# Oman National Transport Company



## momo86 (Jul 12, 2012)

anyone have the phone number for Oman National Transport Company in Dubai? I heard they do daily coach trips to Oman, and I would like to go to renew my Visa. Their official website is "suspended" and I can't find their number. If anyone has any information on how I can contact them or make a booking with them, please post in this thread. Much appreciated.


----------



## rsinner (Feb 3, 2009)

04-295 9920
2nd result on google. not sure if it works though


----------



## yoplu (Apr 24, 2012)

rsinner said:


> 04-295 9920
> 2nd result on google. not sure if it works though


Ive seen those coaches once on a visa run myself and they look naaaasty lol.
Depends on your budget i suppose. They cant be very expensive I expect and the way all the curtains were drawn on the side windows, not sure if their AC is working, or works well enough.
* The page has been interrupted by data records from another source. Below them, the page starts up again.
lemma openin_PG_topology_superset:
  "finite K \<Longrightarrow> K \<subseteq> carrier G \<Longrightarrow> openin (PG_topology G) {X. X \<subseteq> carrier G \<and> K \<subseteq> X}"
  unfolding PG_topology_def
  by (rule topology_generated_by_Basis, rule UnI1, rule image_eqI[OF refl]) simp

lemma openin_PG_topology_disjoint:
  "finite K \<Longrightarrow> K \<subseteq> carrier G \<Longrightarrow> openin (PG_topology G) {X. X \<subseteq> carrier G \<and> X \<inter> K = {}}"
  unfolding PG_topology_def
  by (rule topology_generated_by_Basis, rule UnI2, rule image_eqI[OF refl]) simp

text \<open>A condition on \<open>X\<close> that only depends on \<open>X \<inter> K\<close> for a finite \<open>K\<close> is a finite
  union of basic cylinders \<open>{X. X \<inter> K = J}\<close>, and so is its negation.\<close>

lemma openin_PG_topology_finitely_determined:
  assumes K: "finite K" "K \<subseteq> carrier G"
    and determined: "\<And>X. X \<subseteq> carrier G \<Longrightarrow> P X \<longleftrightarrow> P (X \<inter> K)"
  shows "openin (PG_topology G) {X \<in> topspace (PG_topology G). P X}"
proof -
  define cylinder where "cylinder J =
    {X. X \<subseteq> carrier G \<and> J \<subseteq> X} \<inter> {X. X \<subseteq> carrier G \<and> X \<inter> (K - J) = {}}" for J
  have "{X \<in> topspace (PG_topology G). P X} = (\<Union>J \<in> {J. J \<subseteq> K \<and> P J}. cylinder J)"
  proof (intro equalityI subsetI)
    fix X assume "X \<in> {X \<in> topspace (PG_topology G). P X}"
    then have "X \<subseteq> carrier G" "P (X \<inter> K)"
      using determined by (auto simp: topspace_PG_topology)
    then show "X \<in> (\<Union>J \<in> {J. J \<subseteq> K \<and> P J}. cylinder J)"
      unfolding cylinder_def by blast
  next
    fix X assume "X \<in> (\<Union>J \<in> {J. J \<subseteq> K \<and> P J}. cylinder J)"
    then obtain J where "P J" "X \<subseteq> carrier G" "X \<inter> K = J"
      unfolding cylinder_def by blast
    then show "X \<in> {X \<in> topspace (PG_topology G). P X}"
      using determined by (auto simp: topspace_PG_topology)
  qed
  moreover have "openin (PG_topology G) (cylinder J)" if "J \<subseteq> K" for J
    unfolding cylinder_def using K that
    by (intro openin_Int openin_PG_topology_superset openin_PG_topology_disjoint)
      (auto intro: finite_subset)
  ultimately show ?thesis
    by (auto intro!: openin_Union)
qed
lemma principal_left_kernel:
  fixes D :: "nat \<Rightarrow> nat \<Rightarrow> 'a::division_ring"
  assumes "principal_invertible D m"
    and zero: "\<forall>i\<le>m. (\<Sum>k\<le>m. c k * D k i) = 0" and "j \<le> m"
  shows "c j = 0"
proof -
  obtain B where B: "\<forall>i\<le>m. \<forall>k\<le>m. (\<Sum>l\<le>m. D i l * B l k) = (if i = k then 1 else 0)"
    using assms(1) unfolding principal_invertible_def by blast
  have "c j = (\<Sum>k\<le>m. c k * (if k = j then 1 else 0))"
    using \<open>j \<le> m\<close> by (simp add: if_distrib[of "(*) _"] cong: if_cong)
  also have "\<dots> = (\<Sum>k\<le>m. c k * (\<Sum>i\<le>m. D k i * B i j))"
    using B \<open>j \<le> m\<close> by (intro sum.cong) auto
  also have "\<dots> = (\<Sum>i\<le>m. (\<Sum>k\<le>m. c k * D k i) * B i j)"
    by (rule sum_sum_mult_assoc)
  also have "\<dots> = 0"
    using zero by simp
  finally show ?thesis .
qed

lemma principal_right_kernel:
  fixes D :: "nat \<Rightarrow> nat \<Rightarrow> 'a::division_ring"
  assumes "principal_invertible D m"
    and zero: "\<forall>k\<le>m. (\<Sum>i\<le>m. D k i * a i) = 0" and "j \<le> m"
  shows "a j = 0"
proof -
  obtain B where B: "\<forall>i\<le>m. \<forall>k\<le>m. (\<Sum>l\<le>m. B i l * D l k) = (if i = k then 1 else 0)"
    using assms(1) unfolding principal_invertible_def by blast
  have "a j = (\<Sum>i\<le>m. (if j = i then 1 else 0) * a i)"
    using \<open>j \<le> m\<close> by (simp add: if_distrib[of "\<lambda>x. x * _"] cong: if_cong)
  also have "\<dots> = (\<Sum>i\<le>m. (\<Sum>k\<le>m. B j k * D k i) * a i)"
    using B \<open>j \<le> m\<close> by (intro sum.cong) auto
  also have "\<dots> = (\<Sum>k\<le>m. B j k * (\<Sum>i\<le>m. D k i * a i))"
    by (rule sum_sum_mult_assoc[symmetric])
  also have "\<dots> = 0"
    using zero by simp
  finally show ?thesis .
qed

lemma dual_row_exists:
  assumes "principal_invertible D m"
  shows "\<exists>c. dual_row D m c"
proof -
  obtain B where "\<forall>i\<le>m. \<forall>k\<le>m. (\<Sum>l\<le>m. B i l * D l k) = (if i = k then 1 else 0)"
    using assms unfolding principal_invertible_def by blast
  then have "dual_row D m (B m)"
    by (simp add: dual_row_def)
  then show ?thesis
    by blast
qed

lemma dual_col_exists:
  assumes "principal_invertible D m"
  shows "\<exists>a. dual_col D m a"
proof -
  obtain B where "\<forall>i\<le>m. \<forall>k\<le>m. (\<Sum>l\<le>m. D i l * B l k) = (if i = k then 1 else 0)"
    using assms unfolding principal_invertible_def by blast
  then have "dual_col D m (\<lambda>i. B i m)"
    by (simp add: dual_col_def)
  then show ?thesis
    by blast
qed

lemma dual_row_unique:
  assumes "principal_invertible D m" "dual_row D m c" "dual_row D m c'" "j \<le> m"
  shows "c j = c' j"
  using principal_left_kernel[OF assms(1), of "\<lambda>k. c k - c' k"] assms(2-4)
  by (simp add: dual_row_def left_diff_distrib sum_subtractf)

lemma dual_col_unique:
  assumes "principal_invertible D m" "dual_col D m a" "dual_col D m a'" "j \<le> m"
  shows "a j = a' j"
  using principal_right_kernel[OF assms(1), of "\<lambda>i. a i - a' i"] assms(2-4)
  by (simp add: dual_col_def right_diff_distrib sum_subtractf)

lemma dual_row_last_nonzero:
  assumes "generic D" "dual_row D m c"
  shows "c m \<noteq> 0"
proof
  assume last: "c m = 0"
  have "c k = 0" if "k \<le> m" for k
  proof (cases "k = m")
    case False
    then obtain n where n: "m = Suc n" "k \<le> n"
      using \<open>k \<le> m\<close> by (cases m) auto
    have "\<forall>i\<le>n. (\<Sum>k\<le>n. c k * D k i) = 0"
      using assms(2) last n by (auto simp: dual_row_def)
    then show ?thesis
      using principal_left_kernel[of D n c k] assms(1) n(2) by (simp add: generic_def)
  qed (use last in simp)
  then have "(\<Sum>k\<le>m. c k * D k m) = 0"
    by simp
  moreover have "(\<Sum>k\<le>m. c k * D k m) = 1"
    using assms(2) by (simp add: dual_row_def)
  ultimately show False
    by simp
qed

lemma dual_col_last_nonzero:
  assumes "generic D" "dual_col D m a"
  shows "a m \<noteq> 0"
proof
  assume last: "a m = 0"
  have "a i = 0" if "i \<le> m" for i
  proof (cases "i = m")
    case False
    then obtain n where n: "m = Suc n" "i \<le> n"
      using \<open>i \<le> m\<close> by (cases m) auto
    have "\<forall>k\<le>n. (\<Sum>i\<le>n. D k i * a i) = 0"
      using assms(2) last n by (auto simp: dual_col_def)
    then show ?thesis
      using principal_right_kernel[of D n a i] assms(1) n(2) by (simp add: generic_def)
  qed (use last in simp)
  then have "(\<Sum>i\<le>m. D m i * a i) = 0"
    by simp
  moreover have "(\<Sum>i\<le>m. D m i * a i) = 1"
    using assms(2) by (simp add: dual_col_def)
  ultimately show False
    by simp
qed

lemma forward_substitution_upper:
  fixes A :: "nat \<Rightarrow> nat \<Rightarrow> 'a::division_ring"
  assumes "\<forall>m<n. (\<Sum>i\<le>m. x i * A i m) = 0" "\<forall>m<n. A m m \<noteq> 0" "j < n"
  shows "x j = 0"
  using \<open>j < n\<close>
proof (induction j rule: less_induct)
  case (less j)
  have "(\<Sum>i\<le>j. x i * A i j) = (\<Sum>i<j. x i * A i j) + x j * A j j"
    by (simp add: lessThan_Suc_atMost[symmetric])
  then show ?case
    using assms(1,2) less by simp
qed

lemma forward_substitution_lower:
  fixes C :: "nat \<Rightarrow> nat \<Rightarrow> 'a::division_ring"
  assumes "\<forall>m<n. (\<Sum>k\<le>m. C m k * y k) = 0" "\<forall>m<n. C m m \<noteq> 0" "j < n"
  shows "y j = 0"
  using \<open>j < n\<close>
proof (induction j rule: less_induct)
  case (less j)
  have "(\<Sum>k\<le>j. C j k * y k) = (\<Sum>k<j. C j k * y k) + C j j * y j"
    by (simp add: lessThan_Suc_atMost[symmetric])
  then show ?case
    using assms(1,2) less by simp
qed

text \<open>With \<open>w\<^sup>m = \<Sum>\<^sub>k C\<^sub>m\<^sub>k v\<^sup>k\<close> and \<open>q\<^sub>m = \<Sum>\<^sub>i p\<^sub>i A\<^sub>i\<^sub>m\<close>, the three sums below are \<open>(w\<^sup>m, q\<^sub>m\<^sub>')\<close>,
  \<open>(w\<^sup>m, p\<^sub>m)\<close> and \<open>(v\<^sup>m, q\<^sub>m)\<close>.\<close>

definition biorthogonal_factors ::
    "(nat \<Rightarrow> nat \<Rightarrow> 'a::division_ring) \<Rightarrow> (nat \<Rightarrow> nat \<Rightarrow> 'a) \<Rightarrow> (nat \<Rightarrow> nat \<Rightarrow> 'a) \<Rightarrow> bool" where
  "biorthogonal_factors D A C \<longleftrightarrow> upper_triangular A \<and> lower_triangular C \<and>
     (\<forall>m m'. m \<noteq> m' \<longrightarrow> (\<Sum>k\<le>m. C m k * (\<Sum>i\<le>m'. D k i * A i m')) = 0) \<and>
     (\<forall>m. (\<Sum>k\<le>m. C m k * D k m) = 1 \<and> (\<Sum>i\<le>m. D m i * A i m) = 1)"

lemma dual_imp_biorthogonal_factors:
  assumes "upper_triangular A" "lower_triangular C"
    and dual: "\<And>m. dual_row D m (C m) \<and> dual_col D m (\<lambda>i. A i m)"
  shows "biorthogonal_factors D A C"
  unfolding biorthogonal_factors_def
proof (intro conjI allI impI)
  fix m m' :: nat
  assume "m \<noteq> m'"
  then consider "m' < m" | "m < m'"
    by linarith
  then show "(\<Sum>k\<le>m. C m k * (\<Sum>i\<le>m'. D k i * A i m')) = 0"
  proof cases
    case 1
    then show ?thesis
      using dual[of m] by (simp add: sum_sum_mult_assoc dual_row_def)
  next
    case 2
    then show ?thesis
      using dual[of m'] by (simp add: dual_col_def)
  qed
qed (use assms dual in \<open>auto simp: dual_row_def dual_col_def\<close>)

lemma biorthogonal_factors_imp_dual:
  assumes "generic D" "biorthogonal_factors D A C"
  shows "dual_row D m (C m) \<and> dual_col D m (\<lambda>i. A i m)"
proof (induction m rule: less_induct)
  case (less m)
  have orth: "\<And>m m'. m \<noteq> m' \<Longrightarrow> (\<Sum>k\<le>m. C m k * (\<Sum>i\<le>m'. D k i * A i m')) = 0"
    and diag: "(\<Sum>k\<le>m. C m k * D k m) = 1" "(\<Sum>i\<le>m. D m i * A i m) = 1"
    using assms(2) unfolding biorthogonal_factors_def by blast+
  have "\<forall>j<m. C j j \<noteq> 0"
    using less.IH dual_row_last_nonzero[OF assms(1)] by blast
  moreover have "\<forall>j<m. A j j \<noteq> 0"
    using less.IH dual_col_last_nonzero[OF assms(1), of _ "\<lambda>i. A i _"] by blast
  moreover have "\<forall>m'<m. (\<Sum>i\<le>m'. (\<Sum>k\<le>m. C m k * D k i) * A i m') = 0"
    using orth[of m] by (simp add: sum_sum_mult_assoc)
  moreover have "\<forall>m'<m. (\<Sum>k\<le>m'. C m' k * (\<Sum>i\<le>m. D k i * A i m)) = 0"
    using orth[of _ m] by simp
  ultimately have "\<forall>i<m. (\<Sum>k\<le>m. C m k * D k i) = 0" "\<forall>k<m. (\<Sum>i\<le>m. D k i * A i m) = 0"
    using forward_substitution_upper[of m "\<lambda>i. \<Sum>k\<le>m. C m k * D k i" A]
      forward_substitution_lower[of m C "\<lambda>k. \<Sum>i\<le>m. D k i * A i m"] by blast+
  then show ?case
    using diag unfolding dual_row_def dual_col_def by (auto simp: le_less)
qed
Go Tours Dubai has been used by a lot of us on here. They take expats there 1-2 times per week so you could try them.


----------



## yoplu (Apr 24, 2012)

fahadalzaabi said:


> don't know the exact amount they charge but it is cheap by road, even you can take a flight it would cost you around 200 AED, as one of my friend recently visited there by air.
> best deals in dubai | holidays from dubai | dubai discount


That is very cheap. Presumably thats to Muscat airport? Does it leave from Dubai airport and at a reasonable time in the day?


----------